A dead-simple, efficient, dependency-free TOML parser for Rust.

Special thanks to cubic and Speykious for their help while developing BOML!

Usage

Parsing

BOML requires no imports - just call boml::parse with the TOML source code, then use the returned Toml value similarly to a hashmap:

fn parse_cargo_toml() {
	let source = include_str!("../Cargo.toml");
	let toml = boml::parse(source).unwrap();

	// Get the package table from the `Cargo.toml` file
	let package = toml.get_table("package").unwrap();
}

Data Types

In the above snippet, we used get_table to read a value, because we knew the value was a table. BOML provides equivalent methods for every TOML type (get_string, get_integer, etc). However, BOML also provides a get method, which allows you to resolve the type yourself. For example:

use boml::prelude::TomlValue;

let source = include_str!("../Cargo.toml");
let toml = boml::parse(source).unwrap();

// Specific types via `.get_<type>`
let package = toml.get_table("package").unwrap();
let name = package.get_string("name").unwrap();
assert_eq!(name, "boml");

// Dynamic types via `.get`
let package_untyped = toml.get("package").unwrap();
// You can then convert the value to a specific type with helper methods or
// pattern matching:
let package = toml.get("package").unwrap().as_table().unwrap();
let name = package.get("name").unwrap().as_string().unwrap();
assert_eq!(name, "boml");

let Some(TomlValue::Table(package)) = toml.get("package") else {
    panic!("I love boilerplate, why would anyone use helper methods");
};
match package.get("name").unwrap() {
	TomlValue::String(name) => assert_eq!(name.as_str(), "boml"),
	TomlValue::Integer(int) => println!("{int} is a pretty weird name, bro"),
	_ => panic!("Expected string or int for package name")
}

You can also determine a value's type without touching its data, via the .ty() method and TomlValueType enum:

use boml::prelude::TomlValueType;

let source = include_str!("../Cargo.toml");
let toml = boml::parse(source).unwrap();

let package = toml.get("package").unwrap();
assert_eq!(package.ty(), TomlValueType::Table);

Error Handling

There are 2 sources of errors in BOML: A parsing error, or an error from one of the get_<type> methods. These use the TomlError and TomlGetError types, respectively.

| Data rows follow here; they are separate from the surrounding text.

(* For every projection algebra $P$, every DRC-semigroup $S$, and every projection algebra morphism $\phi:P\to\mathbf P(S)$, there exists a unique DRC-morphism $\Phi:\mathbb F(P)\to S$ whose restriction to $P$ (identified with $\mathbf P(\mathbb F(P))$ via $p\leftrightarrow\overline{x_p}$) is $\phi$, i.e.\ $\overline{x_p}\,\Phi=p\phi$ for all $p\in P$.
   Context: Maps are written on the right and composed left to right. A projection algebra is a set $P$ with maps $\theta_p,\delta_p:P\to P$ ($p\in P$) such that for all $p,q$: $p\theta_p=p$, $p\delta_p=p$; $p\theta_{q\theta_p}=q\theta_p$, $p\delta_{q\delta_p}=q\delta_p$; $\theta_q\theta_{q\theta_p}=\theta_q\theta_p$, $\delta_q\delta_{q\delta_p}=\delta_q\delta_p$; $\theta_p\delta_p=\theta_p$, $\delta_p\theta_p=\delta_p$; $\theta_{p\delta_q}\theta_p=\theta_q\theta_p$, $\delta_{p\theta_q}\delta_p=\delta_q\delta_p$. A projection algebra morphism $\phi:P\to P'$ satisfies $(q\theta_p)\phi=(q\phi)\theta'_{p\phi}$, $(q\delta_p)\phi=(q\phi)\delta'_{p\phi}$. Write $p\,\mathscr F\,q$ iff $p=q\delta_p$ and $q=p\theta_q$. A DRC-semigroup is $(S,\cdot,D,R)$, $(S,\cdot)$ a semigroup, $D,R:S\to S$ with, for all $a,b$: $D(a)a=a$, $aR(a)=a$; $D(ab)=D(aD(b))$, $R(ab)=R(R(a)b)$; $D(ab)=D(a)D(ab)D(a)$, $R(ab)=R(b)R(ab)R(b)$; $R(D(a))=D(a)$, $D(R(a))=R(a)$. A DRC-morphism preserves $\cdot,D,R$. $\mathbf P(S)=\{D(a):a\in S\}$ is a projection algebra under $q\theta_p=R(qp)$, $q\delta_p=D(pq)$. $\mathbb F(P)$ is the semigroup presented by generators $x_p$ ($p\in P$) and relations $x_p^2=x_p$, $x_px_q=x_px_{p\theta_q}$, $x_px_q=x_{q\delta_p}x_q$; every element equals $\overline{x_{p_1}\cdots x_{p_k}}$ for some $p_1\mathscr F\cdots\mathscr F p_k$ with $p_1,p_k$ determined, and it is a DRC-semigroup with $D(\overline{x_{p_1}\cdots x_{p_k}})=\overline{x_{p_1}}$, $R(\overline{x_{p_1}\cdots x_{p_k}})=\overline{x_{p_k}}$, whose projections are exactly the $\overline{x_p}$, $p\in P$. *)

theory Defs
  imports Main
begin

text \<open>Conventions. Maps are written on the right. For a projection algebra with
carrier P we write th x p for x theta_p and dl x p for x delta_p.\<close>

definition proj_alg :: "'p set \<Rightarrow> ('p \<Rightarrow> 'p \<Rightarrow> 'p) \<Rightarrow> ('p \<Rightarrow> 'p \<Rightarrow> 'p) \<Rightarrow> bool" where
  "proj_alg P th dl \<longleftrightarrow>
     (\<forall>x\<in>P. \<forall>p\<in>P. th x p \<in> P \<and> dl x p \<in> P) \<and>
     (\<forall>p\<in>P. th p p = p \<and> dl p p = p) \<and>
     (\<forall>p\<in>P. \<forall>q\<in>P. th p (th q p) = th q p \<and> dl p (dl q p) = dl q p) \<and>
     (\<forall>p\<in>P. \<forall>q\<in>P. \<forall>x\<in>P. th (th x q) (th q p) = th (th x q) p
                          \<and> dl (dl x q) (dl q p) = dl (dl x q) p) \<and>
     (\<forall>p\<in>P. \<forall>x\<in>P. dl (th x p) p = th x p \<and> th (dl x p) p = dl x p) \<and>
     (\<forall>p\<in>P. \<forall>q\<in>P. \<forall>x\<in>P. th (th x (dl p q)) p = th (th x q) p
                          \<and> dl (dl x (th p q)) p = dl (dl x q) p)"

definition proj_alg_morph ::
  "'p set \<Rightarrow> ('p \<Rightarrow> 'p \<Rightarrow> 'p) \<Rightarrow> ('p \<Rightarrow> 'p \<Rightarrow> 'p) \<Rightarrow>
   'q set \<Rightarrow> ('q \<Rightarrow> 'q \<Rightarrow> 'q) \<Rightarrow> ('q \<Rightarrow> 'q \<Rightarrow> 'q) \<Rightarrow> ('p \<Rightarrow> 'q) \<Rightarrow> bool" where
  "proj_alg_morph P th dl P' th' dl' \<phi> \<longleftrightarrow>
     (\<forall>p\<in>P. \<phi> p \<in> P') \<and>
     (\<forall>p\<in>P. \<forall>q\<in>P. \<phi> (th q p) = th' (\<phi> q) (\<phi> p) \<and> \<phi> (dl q p) = dl' (\<phi> q) (\<phi> p))"

definition drc_semigroup :: "'s set \<Rightarrow> ('s \<Rightarrow> 's \<Rightarrow> 's) \<Rightarrow> ('s \<Rightarrow> 's) \<Rightarrow> ('s \<Rightarrow> 's) \<Rightarrow> bool" where
  "drc_semigroup S m D R \<longleftrightarrow>
     (\<forall>a\<in>S. \<forall>b\<in>S. m a b \<in> S) \<and> (\<forall>a\<in>S. D a \<in> S \<and> R a \<in> S) \<and>
     (\<forall>a\<in>S. \<forall>b\<in>S. \<forall>c\<in>S. m (m a b) c = m a (m b c)) \<and>
     (\<forall>a\<in>S. m (D a) a = a \<and> m a (R a) = a) \<and>
     (\<forall>a\<in>S. \<forall>b\<in>S. D (m a b) = D (m a (D b)) \<and> R (m a b) = R (m (R a) b)) \<and>
     (\<forall>a\<in>S. \<forall>b\<in>S. D (m a b) = m (m (D a) (D (m a b))) (D a)
                   \<and> R (m a b) = m (m (R b) (R (m a b))) (R b)) \<and>
     (\<forall>a\<in>S. R (D a) = D a \<and> D (R a) = R a)"

definition drc_morph ::
  "'s set \<Rightarrow> ('s \<Rightarrow> 's \<Rightarrow> 's) \<Rightarrow> ('s \<Rightarrow> 's) \<Rightarrow> ('s \<Rightarrow> 's) \<Rightarrow>
   't set \<Rightarrow> ('t \<Rightarrow> 't \<Rightarrow> 't) \<Rightarrow> ('t \<Rightarrow> 't) \<Rightarrow> ('t \<Rightarrow> 't) \<Rightarrow> ('s \<Rightarrow> 't) \<Rightarrow> bool" where
  "drc_morph S m D R T m' D' R' \<Phi> \<longleftrightarrow>
     (\<forall>a\<in>S. \<Phi> a \<in> T) \<and>
     (\<forall>a\<in>S. \<forall>b\<in>S. \<Phi> (m a b) = m' (\<Phi> a) (\<Phi> b)) \<and>
     (\<forall>a\<in>S. \<Phi> (D a) = D' (\<Phi> a) \<and> \<Phi> (R a) = R' (\<Phi> a))"

definition projs :: "'s set \<Rightarrow> ('s \<Rightarrow> 's) \<Rightarrow> 's set" where
  "projs S D = D ` S"

definition projs_th :: "('s \<Rightarrow> 's \<Rightarrow> 's) \<Rightarrow> ('s \<Rightarrow> 's) \<Rightarrow> 's \<Rightarrow> 's \<Rightarrow> 's" where
  "projs_th m R q p = R (m q p)"

definition projs_dl :: "('s \<Rightarrow> 's \<Rightarrow> 's) \<Rightarrow> ('s \<Rightarrow> 's) \<Rightarrow> 's \<Rightarrow> 's \<Rightarrow> 's" where
  "projs_dl m D q p = D (m p q)"

text \<open>The semigroup F(P): nonempty words over P (word [p1,...,pk] stands for
  x_p1 ... x_pk) modulo the congruence generated by the defining relations.\<close>

inductive feq :: "'p set \<Rightarrow> ('p \<Rightarrow> 'p \<Rightarrow> 'p) \<Rightarrow> ('p \<Rightarrow> 'p \<Rightarrow> 'p) \<Rightarrow> 'p list \<Rightarrow> 'p list \<Rightarrow> bool"
  for P th dl where
  idem: "p \<in> P \<Longrightarrow> feq P th dl [p, p] [p]"
| rth: "p \<in> P \<Longrightarrow> q \<in> P \<Longrightarrow> feq P th dl [p, q] [p, th p q]"
| rdl: "p \<in> P \<Longrightarrow> q \<in> P \<Longrightarrow> feq P th dl [p, q] [dl q p, q]"
| refl: "set w \<subseteq> P \<Longrightarrow> feq P th dl w w"
| sym: "feq P th dl u v \<Longrightarrow> feq P th dl v u"
| trans: "feq P th dl u v \<Longrightarrow> feq P th dl v w \<Longrightarrow> feq P th dl u w"
| ctxt: "feq P th dl u v \<Longrightarrow> set x \<subseteq> P \<Longrightarrow> set y \<subseteq> P \<Longrightarrow> feq P th dl (x @ u @ y) (x @ v @ y)"

definition fclass :: "'p set \<Rightarrow> ('p \<Rightarrow> 'p \<Rightarrow> 'p) \<Rightarrow> ('p \<Rightarrow> 'p \<Rightarrow> 'p) \<Rightarrow> 'p list \<Rightarrow> 'p list set" where
  "fclass P th dl w = {v. feq P th dl w v}"

definition Fcar :: "'p set \<Rightarrow> ('p \<Rightarrow> 'p \<Rightarrow> 'p) \<Rightarrow> ('p \<Rightarrow> 'p \<Rightarrow> 'p) \<Rightarrow> 'p list set set" where
  "Fcar P th dl = {fclass P th dl w | w. w \<noteq> [] \<and> set w \<subseteq> P}"

definition Fmult :: "'p set \<Rightarrow> ('p \<Rightarrow> 'p \<Rightarrow> 'p) \<Rightarrow> ('p \<Rightarrow> 'p \<Rightarrow> 'p) \<Rightarrow>
    'p list set \<Rightarrow> 'p list set \<Rightarrow> 'p list set" where
  "Fmult P th dl A B = fclass P th dl ((SOME u. u \<in> A) @ (SOME v. v \<in> B))"

definition Fgen :: "'p set \<Rightarrow> ('p \<Rightarrow> 'p \<Rightarrow> 'p) \<Rightarrow> ('p \<Rightarrow> 'p \<Rightarrow> 'p) \<Rightarrow> 'p \<Rightarrow> 'p list set" where
  "Fgen P th dl p = fclass P th dl [p]"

TomlError, the parsing error type, stores the span of text where the parsing error occurred, and a TomlErrorKind which describes the type of error at that span. Printing the error will show the error kind and the region of TOML that had the error.

TomlGetError is an error from one of the get_<type> methods in tables. It occurs when there's no value for the provided key (InvalidKey) or when the types aren't the same (TypeMismatch - could happen if, for example, you try to get a String value with get_table). A TypeMismatch error stores the actual TOML value and its type, so you can still attempt to use it if possible.

Date and Time Types

TOML supports 4 data types related to dates and times. BOML will parse these types, but performs no validation on those date and time types, because time is hard. BOML does not even check if an hour is between 0 and 23 or if a minute is between 0 and 60.

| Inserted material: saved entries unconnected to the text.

section \<open>Perfectness\<close>

lemma H94_line_is_clique:
  assumes "S \<subseteq> H94_V" and "\<And>i j i' j'. P i j \<Longrightarrow> P i' j' \<Longrightarrow> i = i' \<or> j = j'"
  shows "is_clique S (induced_edges H94_E S) {vert i j | i j. vert i j \<in> S \<and> P i j}"
  using assms H94_V_subset_grid
  unfolding is_clique_def doubleton_in_induced_H94_E by fastforce

lemma H94_grid_colouring:
  assumes SV: "S \<subseteq> H94_V"
  shows "\<exists>g. bipartite_edge_colouring {(i, j). vert i j \<in> S} (clique_number S (induced_edges H94_E S)) g"
proof -
  let ?\<omega> = "clique_number S (induced_edges H94_E S)"
  let ?C = "{(i, j). vert i j \<in> S}"
  have "finite S" using finite_subset_H94_V[OF SV] .
  have "card {j. (i, j) \<in> ?C} \<le> ?\<omega>" for i
  proof -
    have "{vert i' j | i' j. vert i' j \<in> S \<and> i' = i} = (\<lambda>j. vert i j) ` {j. (i, j) \<in> ?C}" by auto
    then show ?thesis
      using card_clique_le_clique_number[OF \<open>finite S\<close> H94_line_is_clique[OF SV, of "\<lambda>i' j. i' = i"]]
        card_image[of "\<lambda>j. vert i j"]
      by (simp add: inj_on_def)
  qed
  moreover have "card {i. (i, j) \<in> ?C} \<le> ?\<omega>" for j
  proof -
    have "{vert i j' | i j'. vert i j' \<in> S \<and> j' = j} = (\<lambda>i. vert i j) ` {i. (i, j) \<in> ?C}" by auto
    then show ?thesis
      using card_clique_le_clique_number[OF \<open>finite S\<close> H94_line_is_clique[OF SV, of "\<lambda>i j'. j' = j"]]
        card_image[of "\<lambda>i. vert i j"]
      by (simp add: inj_on_def)
  qed
  moreover have "finite ?C"
    using SV H94_V_subset_grid finite_subset[of ?C "{1..9} \<times> {1..4}"] by blast
  ultimately show ?thesis using konig_edge_colouring by blast
qed

lemma H94_induced_colouring:
  assumes SV: "S \<subseteq> H94_V"
  defines "E \<equiv> induced_edges H94_E S"
  shows "\<exists>f. proper_colouring S E (clique_number S E) f"
proof -
  let ?\<omega> = "clique_number S E"
  obtain g where g: "bipartite_edge_colouring {(i, j). vert i j \<in> S} ?\<omega> g"
    using H94_grid_colouring[OF SV] unfolding E_def by blast
  have "finite S" using finite_subset_H94_V[OF SV] .
  have one: "1 \<le> ?\<omega>" if "p \<in> S" for p
    using card_clique_le_clique_number[OF \<open>finite S\<close>, of E "{p}"] that unfolding is_clique_def by simp
  have two: "2 \<le> ?\<omega>" if "vert i j \<in> S" "pend i j \<in> S" for i j
    using card_clique_le_clique_number[OF \<open>finite S\<close>, of E "{vert i j, pend i j}"] that SV
    unfolding is_clique_def E_def doubleton_in_induced_H94_E H94_V_def
    by (auto simp: insert_commute)
  \<comment> \<open>a pendant vertex only has to avoid the colour of its unique neighbour\<close>
  define f where "f p = (case p of (i, j, x) \<Rightarrow>
      if x then (if vert i j \<in> S \<and> g (i, j) = 0 then 1 else 0) else g (i, j))" for p
  have "f p < ?\<omega>" if pS: "p \<in> S" for p
  proof -
    obtain i j x where p: "p = (i, j, x)" by (cases p)
    show ?thesis
    proof (cases x)
      case True
      then show ?thesis using one[OF pS] two[of i j] pS unfolding p f_def by auto
    next
      case False
      then show ?thesis using g pS unfolding p f_def bipartite_edge_colouring_def by simp
    qed
  qed
  moreover have "f p \<noteq> f q" if pqS: "p \<in> S" "q \<in> S" and adj: "H94_adj p q" for p q
  proof -
    obtain i j x i' j' y where p: "p = (i, j, x)" and q: "q = (i', j', y)" by (cases p, cases q)
    consider "\<not> x" "\<not> y" "(i = i') \<noteq> (j = j')" | "i = i'" "j = j'" "x \<noteq> y"
      using adj unfolding p q by auto
    then show ?thesis
    proof cases
      case 1
      then show ?thesis using g pqS unfolding p q f_def bipartite_edge_colouring_def by auto
    next
      case 2
      then show ?thesis using pqS unfolding p q f_def by (cases x) auto
    qed
  qed
  ultimately have "proper_colouring S E ?\<omega> f"
    unfolding proper_colouring_def E_def doubleton_in_induced_H94_E by blast
  then show ?thesis by blast
qed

The only guarantee BOML makes about date/time values is that they are formatted according to RFC 3339. This does not mean the date/time values are actually valid. It just means that the year was a four-digit number, the month was a two-digit number, etc.

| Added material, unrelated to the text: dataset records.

lemma neighbours_in_net: "preset N t \<union> postset N t \<subseteq> places N \<union> trans N"
  unfolding preset_def postset_def using flow_bipartite by auto

lemma neighbours_finite: "finite (preset N t)" "finite (postset N t)"
  using petri neighbours_in_net unfolding petri_net_def by (meson finite_Un finite_subset le_sup_iff)+

lemma ps_notin_neighbours:
  "ps \<notin># mset_set (preset N t)" "ps \<notin># mset_set (postset N t)"
  using neighbours_finite neighbours_in_net[of t] ps_fresh by auto

definition Post :: "'a multiset" where
  "Post = mset_set (postset N tstar)"

definition collapse :: "'a multiset \<Rightarrow> 'a multiset" where
  "collapse m = filter_mset (\<lambda>x. x \<noteq> ps) m + repeat_mset (count m ps) Post"

lemma collapse_add: "collapse (x + y) = collapse x + collapse y"
  unfolding collapse_def by (simp add: repeat_mset_distrib)

lemma collapse_fixed: "ps \<notin># x \<Longrightarrow> collapse x = x"
  unfolding collapse_def multiset_eq_iff by (auto simp: count_eq_zero_iff)

lemma collapse_ps: "collapse {#ps#} = Post"
  unfolding collapse_def by simp

lemma collapse_diff:
  assumes "A \<subseteq># m"
  shows "collapse (m - A) = collapse m - collapse A" and "collapse A \<subseteq># collapse m"
  by (rule additive_map_diff[OF collapse_add assms])+

lemma collapse_fire:
  assumes "A \<subseteq># m"
  shows "collapse (m - A + B) = collapse m - collapse A + collapse B"
  by (simp only: collapse_add collapse_diff(1)[OF assms])

text \<open>Each step of N' collapses to a run of N of length at most one: ti becomes t*,
  to becomes the empty run, every other transition stays itself.\<close>
lemma step_N'_collapses:
  assumes "step N' a b"
  shows "reach N (collapse a) (collapse b)"
proof -
  obtain t where t: "t \<in> trans N'" and en: "mset_set (preset N' t) \<subseteq># a"
    and b: "b = a - mset_set (preset N' t) + mset_set (postset N' t)"
    using assms unfolding step_def enabled_def fire_def by auto
  define A B where "A = mset_set (preset N' t)" and "B = mset_set (postset N' t)"
  have fired: "collapse b = collapse a - collapse A + collapse B"
    unfolding b A_def B_def by (rule collapse_fire[OF en])
  have enabled: "collapse A \<subseteq># collapse a"
    unfolding A_def by (rule collapse_diff(2)[OF en])
  consider "t = ti" | "t = to" | "t \<in> trans N" "t \<noteq> tstar"
    using t trans_N' by auto
  then show ?thesis
  proof cases
    case 1
    then have "collapse A = mset_set (preset N tstar)" "collapse B = Post"
      unfolding A_def B_def
      by (simp_all add: preset_N'_ti postset_N'_ti collapse_fixed ps_notin_neighbours collapse_ps)
    then have "enabled N tstar (collapse a) \<and> collapse b = fire N tstar (collapse a)"
      using fired enabled tstar unfolding enabled_def fire_def Post_def by simp
    then show ?thesis by (intro reach_step) (auto simp: step_def)
  next
    case 2
    then have "collapse A = Post" "collapse B = Post"
      unfolding A_def B_def
      by (simp_all add: preset_N'_to postset_N'_to collapse_fixed ps_notin_neighbours collapse_ps Post_def)
    then have "collapse b = collapse a"
      using fired enabled by simp
    then show ?thesis by (simp add: reach_refl)
  next
    case 3
    then have "collapse A = mset_set (preset N t)" "collapse B = mset_set (postset N t)"
      unfolding A_def B_def preset_N'_old[OF 3] postset_N'_old[OF 3]
      by (simp_all add: collapse_fixed ps_notin_neighbours)
    then have "enabled N t (collapse a) \<and> collapse b = fire N t (collapse a)"
      using fired enabled 3 unfolding enabled_def fire_def by simp
    then show ?thesis by (intro reach_step) (auto simp: step_def)
  qed
qed
lemma finite_layer_\<Gamma>:
  assumes fg: "fin_gen G" and p: "p > 0"
  shows "finite ((#>) (\<Gamma> (Suc k)) ` \<Gamma> k)"
proof (induction k)
  case 0
  then show ?case using finite_quotient_\<Gamma>1[OF fg p] by simp
next
  case (Suc k)
  let ?T = "(\<lambda>x. \<Gamma> (Suc (Suc k)) #> x [^] p) ` \<Gamma> k
    \<union> (\<lambda>(g, x). \<Gamma> (Suc (Suc k)) #> commutator G g x) ` (carrier G \<times> \<Gamma> k)"
  have "finite ?T"
    using finite_pow_image_layer[OF Suc.IH] finite_commutator_image_layer[OF finite_quotient_\<Gamma>1[OF fg p] Suc.IH]
    by simp
  moreover have "?T \<subseteq> (#>) (\<Gamma> (Suc (Suc k))) ` \<Gamma> (Suc k)"
    using pow_mem_\<Gamma>_Suc commutator_mem_\<Gamma>_Suc by auto
  ultimately have "finite (generate (G Mod \<Gamma> (Suc (Suc k))) ?T)" by (rule finite_generate_layer[OF p])
  then show ?case using layer_subset_generate by (rule finite_subset[rotated])
qed

lemma finite_quotient_\<Gamma>:
  assumes fg: "fin_gen G" and p: "p > 0"
  shows "finite ((#>) (\<Gamma> k) ` carrier G)"
proof (induction k)
  case 0
  have "(#>) (\<Gamma> 0) ` carrier G \<subseteq> {carrier G}" using coset_join2[OF _ subgroup_self] by auto
  then show ?case by (rule finite_subset) simp
next
  case (Suc k)
  show ?case
    by (rule finite_rcosets_tower[OF \<Gamma>_subgroup \<Gamma>_subgroup Suc.IH finite_layer_\<Gamma>[OF fg p]])
qed

end

section \<open>Automorphisms acting on a fully invariant section\<close>

definition induced_map :: "('a, 'b) monoid_scheme \<Rightarrow> 'a set \<Rightarrow> 'a set \<Rightarrow> ('a \<Rightarrow> 'a) \<Rightarrow> 'a set \<Rightarrow> 'a set" where
  "induced_map G H N \<phi> = restrict (\<lambda>C. \<phi> ` C) (carrier (G\<lparr>carrier := H\<rparr> Mod N))"

locale invariant_section = group G for G (structure) +
  fixes H N :: "'a set"
  assumes H: "subgroup H G" and N: "N \<lhd> G"
    and H_invariant: "fully_invariant G H" and N_invariant: "fully_invariant G N"
begin

abbreviation Q :: "'a set set" where "Q \<equiv> carrier (G\<lparr>carrier := H\<rparr> Mod N)"

lemma Q_eq: "Q = (#>) N ` H"
  by (auto simp: FactGroup_def RCOSETS_def r_coset_def)

lemma H_carrier: "H \<subseteq> carrier G"
  using H by (rule subgroup.subset)

lemma N_carrier: "N \<subseteq> carrier G"
  using N by (rule normal_imp_subgroup[THEN subgroup.subset])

You should pass date/time values parsed with BOML to another crate - such as chrono or jiff - before actually using them.

If you enable the crate feature chrono, BOML will provide From and Into implementations to convert TOML date/time types into Chrono date/time types.

TOML Compliance

BOML passes all valid tests cases of the official TOML test suite for TOML 1.0.

BOML does parse some invalid test cases without erroring, meaning it may parse something that's technically invalid TOML as valid TOML.

To run BOML against the TOML test suite yourself, see tests/toml_test.rs.

TOML 1.1 is not currently supported, but support for it will be added if it's released.

Efficiency

BOML aims to be very fast. On a Framework 16, BOML parses the entire TOML test suite - ~1.8k lines of TOML - in ~.003 seconds. You can run this benchmark yourself with cargo +nightly t toml_test_speed --release -- -Zunstable-options --report-time --ignored.

Here's some more in-depth details on BOML's efficiency:

  • BOML only copies data from the original TOML source string in two places:
    1. Strings with escape sequences. Parts of the string that aren't escaped have to be copied to a new string, so the escape can be added.
    2. Floats. Floats are really hard to parse correctly (and efficiently), so BOML uses the standard library's float parser. Unfortunately TOML allows underscores in floats, while the standard library does not, so BOML first has to copy the float to a new buffer and remove any underscores. This process does not allocate.
  • BOML only allocates memory in three places:
    1. Creating hashmaps for TOML tables
    2. Creating vecs for TOML arrays
    3. Copying strings with escape sequences to process the escape sequences

To-Do

  • Support for serializing TOML
  • no_std support? Currently only allocated types from the standard library are used, so it should be possible
  • Improve error messages to be more like rustc or https://github.com/brendanzab/codespan

So what does "BOML" stand for

Yes.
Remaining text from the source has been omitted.